— Material shown —
= Beginning of Section =
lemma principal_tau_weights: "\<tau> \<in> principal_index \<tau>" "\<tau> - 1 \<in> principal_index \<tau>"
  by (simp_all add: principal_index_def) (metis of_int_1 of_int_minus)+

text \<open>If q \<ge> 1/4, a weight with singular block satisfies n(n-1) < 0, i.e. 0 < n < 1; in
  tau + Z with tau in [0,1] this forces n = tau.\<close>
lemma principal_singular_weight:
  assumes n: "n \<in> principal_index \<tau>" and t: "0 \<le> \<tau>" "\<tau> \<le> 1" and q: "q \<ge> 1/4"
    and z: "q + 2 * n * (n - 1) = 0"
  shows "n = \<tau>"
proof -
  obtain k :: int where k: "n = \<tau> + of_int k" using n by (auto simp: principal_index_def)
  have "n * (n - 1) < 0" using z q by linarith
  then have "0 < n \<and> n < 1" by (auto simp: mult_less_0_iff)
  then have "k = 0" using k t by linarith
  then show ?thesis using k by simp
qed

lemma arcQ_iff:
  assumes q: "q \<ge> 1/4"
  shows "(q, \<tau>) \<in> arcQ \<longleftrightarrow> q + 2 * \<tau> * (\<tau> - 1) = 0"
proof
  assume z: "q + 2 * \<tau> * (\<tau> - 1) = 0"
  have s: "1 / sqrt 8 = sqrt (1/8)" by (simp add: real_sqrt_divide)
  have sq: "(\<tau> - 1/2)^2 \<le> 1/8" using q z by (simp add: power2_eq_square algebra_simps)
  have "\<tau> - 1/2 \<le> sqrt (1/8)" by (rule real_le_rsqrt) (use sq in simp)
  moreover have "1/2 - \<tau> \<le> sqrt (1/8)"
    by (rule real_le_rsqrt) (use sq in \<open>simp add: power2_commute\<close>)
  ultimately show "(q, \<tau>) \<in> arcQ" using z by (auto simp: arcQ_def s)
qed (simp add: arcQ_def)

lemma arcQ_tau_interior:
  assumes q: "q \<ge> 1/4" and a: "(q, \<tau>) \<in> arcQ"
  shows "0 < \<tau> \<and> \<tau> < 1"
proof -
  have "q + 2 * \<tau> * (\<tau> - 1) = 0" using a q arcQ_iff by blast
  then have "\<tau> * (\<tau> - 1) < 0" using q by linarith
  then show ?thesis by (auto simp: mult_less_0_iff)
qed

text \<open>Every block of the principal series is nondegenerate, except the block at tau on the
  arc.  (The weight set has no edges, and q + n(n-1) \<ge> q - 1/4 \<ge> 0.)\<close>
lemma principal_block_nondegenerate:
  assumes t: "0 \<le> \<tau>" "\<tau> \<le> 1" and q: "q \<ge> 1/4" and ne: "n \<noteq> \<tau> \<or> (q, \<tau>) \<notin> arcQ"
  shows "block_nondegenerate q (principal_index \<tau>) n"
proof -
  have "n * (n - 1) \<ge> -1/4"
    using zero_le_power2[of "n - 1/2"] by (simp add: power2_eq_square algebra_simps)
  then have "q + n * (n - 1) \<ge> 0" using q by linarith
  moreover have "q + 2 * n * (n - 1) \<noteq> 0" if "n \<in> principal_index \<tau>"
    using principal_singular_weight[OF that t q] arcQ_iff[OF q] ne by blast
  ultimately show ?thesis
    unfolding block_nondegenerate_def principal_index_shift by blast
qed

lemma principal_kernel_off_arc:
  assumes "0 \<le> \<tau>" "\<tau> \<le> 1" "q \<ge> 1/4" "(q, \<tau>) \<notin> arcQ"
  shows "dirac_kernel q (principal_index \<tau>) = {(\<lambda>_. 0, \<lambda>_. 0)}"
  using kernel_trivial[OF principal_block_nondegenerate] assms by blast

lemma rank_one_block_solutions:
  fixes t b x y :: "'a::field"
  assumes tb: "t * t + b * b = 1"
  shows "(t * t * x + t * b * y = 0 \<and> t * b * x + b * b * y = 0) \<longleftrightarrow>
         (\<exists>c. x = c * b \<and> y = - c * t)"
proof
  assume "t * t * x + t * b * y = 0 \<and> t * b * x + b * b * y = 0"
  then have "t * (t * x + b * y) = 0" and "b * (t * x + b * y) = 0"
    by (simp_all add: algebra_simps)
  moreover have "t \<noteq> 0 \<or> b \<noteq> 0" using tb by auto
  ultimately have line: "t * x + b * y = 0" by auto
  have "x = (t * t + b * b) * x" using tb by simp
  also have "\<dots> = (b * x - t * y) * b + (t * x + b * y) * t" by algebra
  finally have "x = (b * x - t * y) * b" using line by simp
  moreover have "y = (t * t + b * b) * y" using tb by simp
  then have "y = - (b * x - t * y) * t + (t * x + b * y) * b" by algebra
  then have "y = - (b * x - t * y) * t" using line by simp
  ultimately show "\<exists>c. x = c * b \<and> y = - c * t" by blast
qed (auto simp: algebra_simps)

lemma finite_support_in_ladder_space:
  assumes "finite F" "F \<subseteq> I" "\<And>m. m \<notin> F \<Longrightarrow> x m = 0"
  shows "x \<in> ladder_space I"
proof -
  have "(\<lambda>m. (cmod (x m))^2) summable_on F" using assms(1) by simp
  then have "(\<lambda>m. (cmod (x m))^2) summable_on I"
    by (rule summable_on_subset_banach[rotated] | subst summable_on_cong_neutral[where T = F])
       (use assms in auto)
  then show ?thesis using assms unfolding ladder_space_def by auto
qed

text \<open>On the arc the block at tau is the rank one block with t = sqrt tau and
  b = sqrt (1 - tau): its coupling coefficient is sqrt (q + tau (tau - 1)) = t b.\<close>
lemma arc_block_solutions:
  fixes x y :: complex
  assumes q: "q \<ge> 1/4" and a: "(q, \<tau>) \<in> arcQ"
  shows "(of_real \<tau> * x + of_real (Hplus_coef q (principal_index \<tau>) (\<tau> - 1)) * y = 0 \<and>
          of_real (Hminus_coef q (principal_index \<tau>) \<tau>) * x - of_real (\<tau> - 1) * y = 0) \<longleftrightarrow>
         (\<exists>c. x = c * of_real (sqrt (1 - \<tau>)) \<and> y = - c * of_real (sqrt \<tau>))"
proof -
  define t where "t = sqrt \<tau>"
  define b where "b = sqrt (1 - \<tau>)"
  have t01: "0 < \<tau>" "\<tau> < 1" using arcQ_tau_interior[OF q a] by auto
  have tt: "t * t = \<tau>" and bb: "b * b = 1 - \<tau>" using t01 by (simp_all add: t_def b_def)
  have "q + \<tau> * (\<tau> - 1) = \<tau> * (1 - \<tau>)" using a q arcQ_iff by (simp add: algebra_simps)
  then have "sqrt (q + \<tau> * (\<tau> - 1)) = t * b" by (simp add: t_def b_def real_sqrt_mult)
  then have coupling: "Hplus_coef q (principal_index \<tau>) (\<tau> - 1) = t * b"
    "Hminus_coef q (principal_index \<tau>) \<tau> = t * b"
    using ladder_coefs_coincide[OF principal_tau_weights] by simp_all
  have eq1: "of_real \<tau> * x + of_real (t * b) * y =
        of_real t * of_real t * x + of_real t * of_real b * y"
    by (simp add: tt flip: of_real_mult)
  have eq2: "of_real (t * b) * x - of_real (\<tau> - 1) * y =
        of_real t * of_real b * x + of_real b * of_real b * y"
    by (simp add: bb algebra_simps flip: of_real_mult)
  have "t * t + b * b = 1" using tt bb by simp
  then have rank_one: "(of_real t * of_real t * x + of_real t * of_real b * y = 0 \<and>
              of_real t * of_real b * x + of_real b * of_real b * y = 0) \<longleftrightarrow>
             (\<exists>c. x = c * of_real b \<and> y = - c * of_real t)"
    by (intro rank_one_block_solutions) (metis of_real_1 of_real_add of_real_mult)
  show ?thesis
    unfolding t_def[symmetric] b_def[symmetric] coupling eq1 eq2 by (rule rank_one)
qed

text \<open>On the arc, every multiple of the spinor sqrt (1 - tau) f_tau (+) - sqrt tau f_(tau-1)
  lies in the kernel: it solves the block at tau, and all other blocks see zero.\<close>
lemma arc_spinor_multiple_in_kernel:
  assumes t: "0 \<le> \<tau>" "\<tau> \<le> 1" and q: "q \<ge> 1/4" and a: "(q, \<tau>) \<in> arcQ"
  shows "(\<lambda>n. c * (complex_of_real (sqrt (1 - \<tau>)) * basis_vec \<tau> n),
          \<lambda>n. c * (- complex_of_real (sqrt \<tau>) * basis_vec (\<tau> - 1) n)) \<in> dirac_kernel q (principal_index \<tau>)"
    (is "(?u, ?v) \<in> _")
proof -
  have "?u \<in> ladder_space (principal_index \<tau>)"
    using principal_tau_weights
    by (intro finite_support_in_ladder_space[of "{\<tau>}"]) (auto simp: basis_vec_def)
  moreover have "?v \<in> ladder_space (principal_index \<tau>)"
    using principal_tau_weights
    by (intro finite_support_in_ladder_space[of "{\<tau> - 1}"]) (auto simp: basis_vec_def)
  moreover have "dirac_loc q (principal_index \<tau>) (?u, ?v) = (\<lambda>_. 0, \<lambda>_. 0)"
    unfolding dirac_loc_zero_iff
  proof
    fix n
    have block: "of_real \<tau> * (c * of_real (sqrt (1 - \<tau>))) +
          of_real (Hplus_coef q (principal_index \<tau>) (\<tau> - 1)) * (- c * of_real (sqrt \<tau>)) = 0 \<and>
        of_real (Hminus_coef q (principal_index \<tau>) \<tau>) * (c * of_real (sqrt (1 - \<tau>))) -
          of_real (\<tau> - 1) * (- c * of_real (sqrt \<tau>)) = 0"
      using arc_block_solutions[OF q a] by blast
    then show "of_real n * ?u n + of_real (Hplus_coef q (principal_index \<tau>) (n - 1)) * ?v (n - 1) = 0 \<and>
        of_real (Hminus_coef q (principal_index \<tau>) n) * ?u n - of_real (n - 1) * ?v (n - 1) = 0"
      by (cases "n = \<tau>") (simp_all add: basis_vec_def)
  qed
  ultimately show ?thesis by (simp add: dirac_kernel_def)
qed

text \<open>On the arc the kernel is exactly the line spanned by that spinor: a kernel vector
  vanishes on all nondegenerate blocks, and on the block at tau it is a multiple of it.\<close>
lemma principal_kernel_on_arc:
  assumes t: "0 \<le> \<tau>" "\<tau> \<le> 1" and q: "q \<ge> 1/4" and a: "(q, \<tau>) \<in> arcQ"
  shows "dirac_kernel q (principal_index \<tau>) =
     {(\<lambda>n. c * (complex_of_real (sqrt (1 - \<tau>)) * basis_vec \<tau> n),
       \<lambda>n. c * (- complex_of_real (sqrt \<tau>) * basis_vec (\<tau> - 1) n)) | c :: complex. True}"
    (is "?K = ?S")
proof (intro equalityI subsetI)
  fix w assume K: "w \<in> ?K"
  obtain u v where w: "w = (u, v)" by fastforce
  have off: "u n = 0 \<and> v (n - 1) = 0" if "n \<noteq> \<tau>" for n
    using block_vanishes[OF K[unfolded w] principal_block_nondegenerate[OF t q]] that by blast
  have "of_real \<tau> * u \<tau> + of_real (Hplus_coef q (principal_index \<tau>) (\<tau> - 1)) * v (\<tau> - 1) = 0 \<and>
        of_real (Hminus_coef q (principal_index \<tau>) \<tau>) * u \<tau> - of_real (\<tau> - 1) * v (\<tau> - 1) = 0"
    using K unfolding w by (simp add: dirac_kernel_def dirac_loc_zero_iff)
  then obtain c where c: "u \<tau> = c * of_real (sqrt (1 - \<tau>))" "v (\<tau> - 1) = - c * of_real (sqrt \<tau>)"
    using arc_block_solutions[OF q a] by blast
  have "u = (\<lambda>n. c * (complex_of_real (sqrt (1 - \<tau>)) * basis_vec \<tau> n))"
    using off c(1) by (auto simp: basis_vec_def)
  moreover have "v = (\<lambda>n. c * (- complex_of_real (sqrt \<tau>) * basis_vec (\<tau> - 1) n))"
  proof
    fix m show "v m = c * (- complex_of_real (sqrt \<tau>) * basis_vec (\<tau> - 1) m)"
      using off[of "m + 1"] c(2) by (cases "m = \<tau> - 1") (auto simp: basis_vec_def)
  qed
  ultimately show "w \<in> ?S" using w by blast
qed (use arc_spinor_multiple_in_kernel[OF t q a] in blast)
= End of Section =
— Task statement —
Take each line of the material that contains the word "cmod" and list it.

— Solution to the problem —
  have "(\<lambda>m. (cmod (x m))^2) summable_on F" using assms(1) by simp
  then have "(\<lambda>m. (cmod (x m))^2) summable_on I"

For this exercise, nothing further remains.